■ **What is required**: All lines in the records below with the word "lambda" must be returned.

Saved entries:
:::::
(* Let $\mathbf K$ be a commutative field, $p\ge1$, and let $T_1,\dots,T_d\in\mathrm{Rec}_{p\times p}(\mathbf K)$ be linearly independent elements spanning a recursively closed subspace, with shift matrices $\rho(s,t)\in\mathbf K^{d\times d}$ ($0\le s,t<p$) defined by $\rho(s,t)T_k=\sum_{j=1}^d\rho(s,t)_{j,k}T_j$. Then all of $T_1,\dots,T_d$ are of Toeplitz type if and only if the following two conditions hold: (1) $\rho(s,t)$ depends only on $s-t$ for $0\le s,t<p$; (2) writing $\rho(s-t)$ for $\rho(s,t)$ (so $\rho(m)$ is defined for $1-p\le m\le p-1$), one has $\rho(s+p)\rho(t)=\rho(s)\rho(t+1)$ for all $1-p\le s<0$ and $1-p\le t<p-1$.
   Context: $\mathcal M_{p\times p}^l$ is the set of pairs $(U,W)$ of words of length $l$ over $\{0,\dots,p-1\}$ and $\mathcal M_{p\times p}=\bigcup_l\mathcal M_{p\times p}^l$. Functions $A:\mathcal M_{p\times p}\to\mathbf K$ have values $A[U,W]$; shift maps act by $(\rho(S,T)A)[U,W]=A[US,WT]$; a subspace is recursively closed if invariant under all shift maps; $\mathrm{Rec}_{p\times p}(\mathbf K)$ is the set of $A$ whose span of $\{\rho(S,T)A\}$ is finite-dimensional. Words $u_1\dots u_l$ are identified with integers $\sum_j u_jp^{j-1}\in\{0,\dots,p^l-1\}$, so $A[\mathcal M_{p\times p}^l]$ is a $p^l\times p^l$ matrix; $A$ is of Toeplitz type if each such matrix is Toeplitz (entry $(u,w)$ depends only on $u-w$). Products of shift matrices are ordinary matrix products. *)

theory Defs
  imports "Jordan_Normal_Form.Matrix"
begin

text \<open>Words over the alphabet {0,...,p-1} are lists of naturals with entries below p.
  A function A on M_{p x p} is represented as a function on pairs of lists that
  vanishes outside M_{p x p}.\<close>

definition word :: "nat \<Rightarrow> nat list \<Rightarrow> bool" where
  "word p U \<longleftrightarrow> (\<forall>x\<in>set U. x < p)"

definition inM :: "nat \<Rightarrow> nat list \<Rightarrow> nat list \<Rightarrow> bool" where
  "inM p U W \<longleftrightarrow> word p U \<and> word p W \<and> length U = length W"

definition supported :: "nat \<Rightarrow> (nat list \<Rightarrow> nat list \<Rightarrow> 'a::zero) \<Rightarrow> bool" where
  "supported p A \<longleftrightarrow> (\<forall>U W. \<not> inM p U W \<longrightarrow> A U W = 0)"

definition shift :: "nat \<Rightarrow> nat list \<Rightarrow> nat list \<Rightarrow> (nat list \<Rightarrow> nat list \<Rightarrow> 'a::zero)
    \<Rightarrow> (nat list \<Rightarrow> nat list \<Rightarrow> 'a)" where
  "shift p S T A = (\<lambda>U W. if inM p U W then A (U @ S) (W @ T) else 0)"
lemma level_weight_le_one: "v \<in> V \<Longrightarrow> i \<le> H \<Longrightarrow> level_weight i v \<le> 1"
  using level_weight_bounds[of i v] l_bounds[of v i]
  by (cases "v = r"; cases i) (auto simp: level_weight_root)

lemma cum_weight_H: "v \<in> V - {r} \<Longrightarrow> cum_weight H v = 1"
  using level_weight_bounds[of H v] cum_weight_Suc[of v "H - 1"] hop_limit_pos
  by (simp add: capacity_above_H)

theorem A_HSTP_level_weight: "A_HSTP V r H x (\<lambda>v i. level_weight i v)"
  unfolding A_HSTP_def
proof (intro conjI ballI allI impI)
  show "x_constraints V r x" by (rule x_feasible)
  show "(\<Sum>i = 1..H. level_weight i v) = 1" if "v \<in> V - {r}" for v
    using cum_weight_H[OF that] that
    by (simp add: cum_weight_def atMost_atLeast0 sum.atLeast_Suc_atMost)
  fix u v assume uv: "u \<in> V" "v \<in> V" "u \<noteq> v"
  show "level_weight i u - level_weight (i + 1) v + x u v \<le> 1" if "i < H" for i
  proof (cases "v = r")
    case True
    then show ?thesis using no_arc_into_root level_weight_le_one uv that by simp
  next
    case False
    then show ?thesis using forced_weight_ge[of u v "level_weight i"] uv by simp
  qed
  show "level_weight H u + x u v \<le> 1"
  proof (cases "u = r")
    case True
    then show ?thesis using arc_bounds uv hop_limit_pos by (simp add: level_weight_root)
  next
    case False
    then show ?thesis
      using level_weight_bounds[of H u] arc_le_level_H[of u v] uv hop_limit_pos by simp
  qed
qed (use level_weight_le_one level_weight_nonneg in \<open>simp_all add: level_weight_root\<close>)

lemma arc_pair_le_one:
  assumes "H = 2" and "u \<in> V - {r}" "v \<in> V - {r}" "w \<in> V" "u \<noteq> v" "w \<noteq> v"
  shows "x u v + x v w \<le> 1"
  using arc_le_level_step[of u v 1] arc_le_level_H[of v w] l_nonroot_1[of u] assms
  by (simp add: numeral_2_eq_2)

end

lemma P_HSTP_imp_A_HSTP:
  assumes "finite V" "r \<in> V" "1 \<le> H" "P_HSTP V r H x l g"
  shows "\<exists>y. A_HSTP V r H x y"
proof -
  interpret P_HSTP_point V r H x l g using assms by unfold_locales
  have "A_HSTP V r H x (\<lambda>v i. level_weight i v)" by (rule A_HSTP_level_weight)
  then show ?thesis by blast
qed

lemma P_HSTP_feasible:
  assumes "finite V" "r \<in> V" "1 \<le> H"
  shows "\<exists>x l g. P_HSTP V r H x l g"
proof (intro exI)
  let ?x = "\<lambda>u v. if u = r \<and> v \<noteq> r then 1 else 0 :: real"
  have indegree: "(\<Sum>u\<in>V - {v}. ?x u v) = (if v = r then 0 else 1)" if "v \<in> V" for v
    using assms that by (cases "v = r") (simp_all add: sum.delta)
  have x_feasible: "x_constraints V r ?x"
    unfolding x_constraints_def
  proof (intro conjI ballI allI impI)
    show "(\<Sum>u\<in>V - {v}. ?x u v) \<le> 1" if "v \<in> V" for v
      using indegree[OF that] by simp
    show "1 \<le> (\<Sum>u\<in>V - {v}. ?x u v)" if "v \<in> V - {r}" for v
      using indegree[of v] that by simp
    show "?x v w \<le> (\<Sum>u\<in>V - {v, w}. ?x u v)" if "v \<in> V - {r}" for v w
      using that by (simp add: sum_nonneg)
  qed simp_all
  show "P_HSTP V r H ?x
     (\<lambda>v i. if v = r then (if 1 \<le> i then 1 else 0) else (if 2 \<le> i then 1 else 0))
     (\<lambda>i v. if v = r then 0 else (if i = 0 then 1 else 0))"
    unfolding P_HSTP_def using x_feasible assms(3) by (intro conjI ballI allI impI) auto
qed

lemma hstp_cost_nonneg:
  assumes "hmstp_instance V c r H" "x_constraints V r x"
  shows "0 \<le> hstp_cost V c x"
  unfolding hstp_cost_def
proof (rule sum_nonneg, clarify)
  fix u v assume "u \<in> V" "v \<in> V" "u \<noteq> v"
  then have "0 < c {u, v}" and "0 \<le> x u v"
    using assms unfolding hmstp_instance_def x_constraints_def by auto
  then show "0 \<le> c {u, v} * x u v" by simp
qed

lemma nu_A_le_cost:
  assumes hmstp: "hmstp_instance V c r H" and feasible: "A_HSTP V r H x y"
  shows "nu_A V c r H \<le> hstp_cost V c x"
proof -
  let ?costs = "{hstp_cost V c x | x y. A_HSTP V r H x y}"
  have "bdd_below ?costs"
  proof (rule bdd_belowI)
    fix s assume "s \<in> ?costs"
    then obtain x' y' where s: "s = hstp_cost V c x'" and A: "A_HSTP V r H x' y'" by blast
    from A have "x_constraints V r x'" unfolding A_HSTP_def by (rule conjunct1)
    with s show "0 \<le> s" using hstp_cost_nonneg[OF hmstp] by simp
  qed
  moreover have "hstp_cost V c x \<in> ?costs" using feasible by blast
  ultimately show ?thesis unfolding nu_A_def by (simp add: cInf_lower)
qed

lemma le_nu_P:
  assumes hmstp: "hmstp_instance V c r H"
    and lower: "\<And>x l g. P_HSTP V r H x l g \<Longrightarrow> b \<le> hstp_cost V c x"
  shows "b \<le> nu_P V c r H"
proof -
  let ?costs = "{hstp_cost V c x | x l g. P_HSTP V r H x l g}"
  have "finite V" "r \<in> V" "1 \<le> H" using hmstp unfolding hmstp_instance_def by auto
  from P_HSTP_feasible[OF this] obtain x l g where "P_HSTP V r H x l g" by blast
  then have "?costs \<noteq> {}" by blast
  moreover have "b \<le> s" if "s \<in> ?costs" for s
  proof -
    from that obtain x l g where "s = hstp_cost V c x" and "P_HSTP V r H x l g" by blast
    with lower show ?thesis by simp
  qed
  ultimately show ?thesis
    unfolding nu_P_def by (rule cInf_greatest)
qed

lemma nu_A_le_nu_P:
  assumes "hmstp_instance V c r H"
  shows "nu_A V c r H \<le> nu_P V c r H"
proof (rule le_nu_P[OF assms])
  fix x l g assume P: "P_HSTP V r H x l g"
  have "finite V" "r \<in> V" "1 \<le> H" using assms unfolding hmstp_instance_def by auto
  from P_HSTP_imp_A_HSTP[OF this P] obtain y where "A_HSTP V r H x y" ..
  then show "nu_A V c r H \<le> hstp_cost V c x" by (rule nu_A_le_cost[OF assms])
qed

lemma hstp_cost_eq:
  assumes "finite V"
  shows "hstp_cost V c x = (\<Sum>u\<in>V. \<Sum>v\<in>V - {u}. c {u, v} * x u v)"
proof -
  have "{(u, v). u \<in> V \<and> v \<in> V \<and> u \<noteq> v} = Sigma V (\<lambda>u. V - {u})" by auto
  then show ?thesis unfolding hstp_cost_def using assms by (simp add: sum.Sigma)
qed

(* Edge costs c{0,1} = 9, c{0,2} = 10, c{0,3} = 7, c{1,2} = 8, c{1,3} = 9, c{2,3} = 6. *)
definition example_cost :: "nat set \<Rightarrow> real" where
  "example_cost S = (if 0 \<in> S then (if 1 \<in> S then 9 else if 2 \<in> S then 10 else 7)
     else if 1 \<in> S then (if 2 \<in> S then 8 else 9) else 6)"

definition example_x :: "nat \<Rightarrow> nat \<Rightarrow> real" where
  "example_x u v =
     (if u = 0 \<and> v = 3 then 2/3 else if u = 1 \<and> v = 2 then 1/3 else if u = 2 \<and> v = 1 then 2/3
      else if u = 2 \<and> v = 3 then 1/3 else if u = 3 \<and> v = 1 then 1/3 else if u = 3 \<and> v = 2 then 2/3
      else 0)"

definition example_y :: "nat \<Rightarrow> nat \<Rightarrow> real" where
  "example_y v i = (if v = 0 then (if i = 0 then 1 else 0)
     else if v = 1 then (if i = 1 then 1/3 else if i = 2 then 2/3 else 0)
     else (if i = 1 then 2/3 else if i = 2 then 1/3 else 0))"

lemma example_instance: "hmstp_instance {0, 1, 2, 3} example_cost 0 2"
  unfolding hmstp_instance_def example_cost_def by auto

lemma example_A_HSTP: "A_HSTP {0, 1, 2, 3} 0 2 example_x example_y"
proof -
  have "{1..2::nat} = {1, 2}" by auto
  then show ?thesis
    unfolding A_HSTP_def x_constraints_def example_x_def example_y_def
    by (simp add: insert_Diff_if)
qed

lemma example_cost_eq:
  "hstp_cost {0, 1, 2, 3} example_cost x =
     9 * x 0 1 + 10 * x 0 2 + 7 * x 0 3 + 9 * x 1 0 + 8 * x 1 2 + 9 * x 1 3 +
     10 * x 2 0 + 8 * x 2 1 + 6 * x 2 3 + 7 * x 3 0 + 9 * x 3 1 + 6 * x 3 2"
  by (simp add: hstp_cost_eq insert_Diff_if example_cost_def algebra_simps)

lemma example_A_cost: "hstp_cost {0, 1, 2, 3} example_cost example_x = 65/3"
  unfolding example_cost_eq by (simp add: example_x_def)

lemma example_P_cost_ge:
  assumes "P_HSTP {0, 1, 2, 3} 0 2 x l g"
  shows "22 \<le> hstp_cost {0, 1, 2, 3} example_cost x"
proof -
  interpret P_HSTP_point "{0, 1, 2, 3 :: nat}" 0 2 x l g
    using assms by unfold_locales auto
  have "x 0 1 + x 2 1 + x 3 1 = 1" "x 0 2 + x 1 2 + x 3 2 = 1" "x 0 3 + x 1 3 + x 2 3 = 1"
    using indegree_eq_one[of 1] indegree_eq_one[of 2] indegree_eq_one[of 3]
    by (simp_all add: insert_Diff_if)
  moreover have "x 3 2 + x 2 1 \<le> 1" "x 2 3 + x 3 2 \<le> 1"
    using arc_pair_le_one[of 3 2 1] arc_pair_le_one[of 2 3 2] by simp_all
  moreover have "0 \<le> x 0 2" "0 \<le> x 1 3" "0 \<le> x 1 0" "0 \<le> x 2 0" "0 \<le> x 3 0"
    using arc_bounds by simp_all
  \<comment> \<open>by the in-degree equations the cost is 24 + 2 x02 + 2 x13 + 9 x10 + 10 x20 + 7 x30
      - (x32 + x21) - (x23 + x32)\<close>
  ultimately show ?thesis
    unfolding example_cost_eq by linarith
qed

theorem theorem4:
  shows "(\<forall>(V :: 'a set) c r H. hmstp_instance V c r H \<longrightarrow> nu_P V c r H \<ge> nu_A V c r H) \<and>
         (\<exists>(V :: nat set) c r H. hmstp_instance V c r H \<and> nu_P V c r H > nu_A V c r H)"
proof (intro conjI allI impI exI)
  show "nu_A V c r H \<le> nu_P V c r H" if "hmstp_instance V c r H"
    for V :: "'a set" and c r H
    using nu_A_le_nu_P[OF that] .
  show "hmstp_instance {0, 1, 2, 3} example_cost 0 2" by (rule example_instance)
  have "nu_A {0, 1, 2, 3} example_cost 0 2 \<le> 65/3"
    using nu_A_le_cost[OF example_instance example_A_HSTP] example_A_cost by simp
  also have "\<dots> < 22" by simp
  also have "22 \<le> nu_P {0, 1, 2, 3} example_cost 0 2"
    using le_nu_P[OF example_instance example_P_cost_ge] .
  finally show "nu_A {0, 1, 2, 3} example_cost 0 2 < nu_P {0, 1, 2, 3} example_cost 0 2" .
qed

end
:::::
■ **Your response**:
  "shift p S T A = (\<lambda>U W. if inM p U W then A (U @ S) (W @ T) else 0)"
theorem A_HSTP_level_weight: "A_HSTP V r H x (\<lambda>v i. level_weight i v)"
  have "A_HSTP V r H x (\<lambda>v i. level_weight i v)" by (rule A_HSTP_level_weight)
  let ?x = "\<lambda>u v. if u = r \<and> v \<noteq> r then 1 else 0 :: real"
     (\<lambda>v i. if v = r then (if 1 \<le> i then 1 else 0) else (if 2 \<le> i then 1 else 0))
     (\<lambda>i v. if v = r then 0 else (if i = 0 then 1 else 0))"
  have "{(u, v). u \<in> V \<and> v \<in> V \<and> u \<noteq> v} = Sigma V (\<lambda>u. V - {u})" by auto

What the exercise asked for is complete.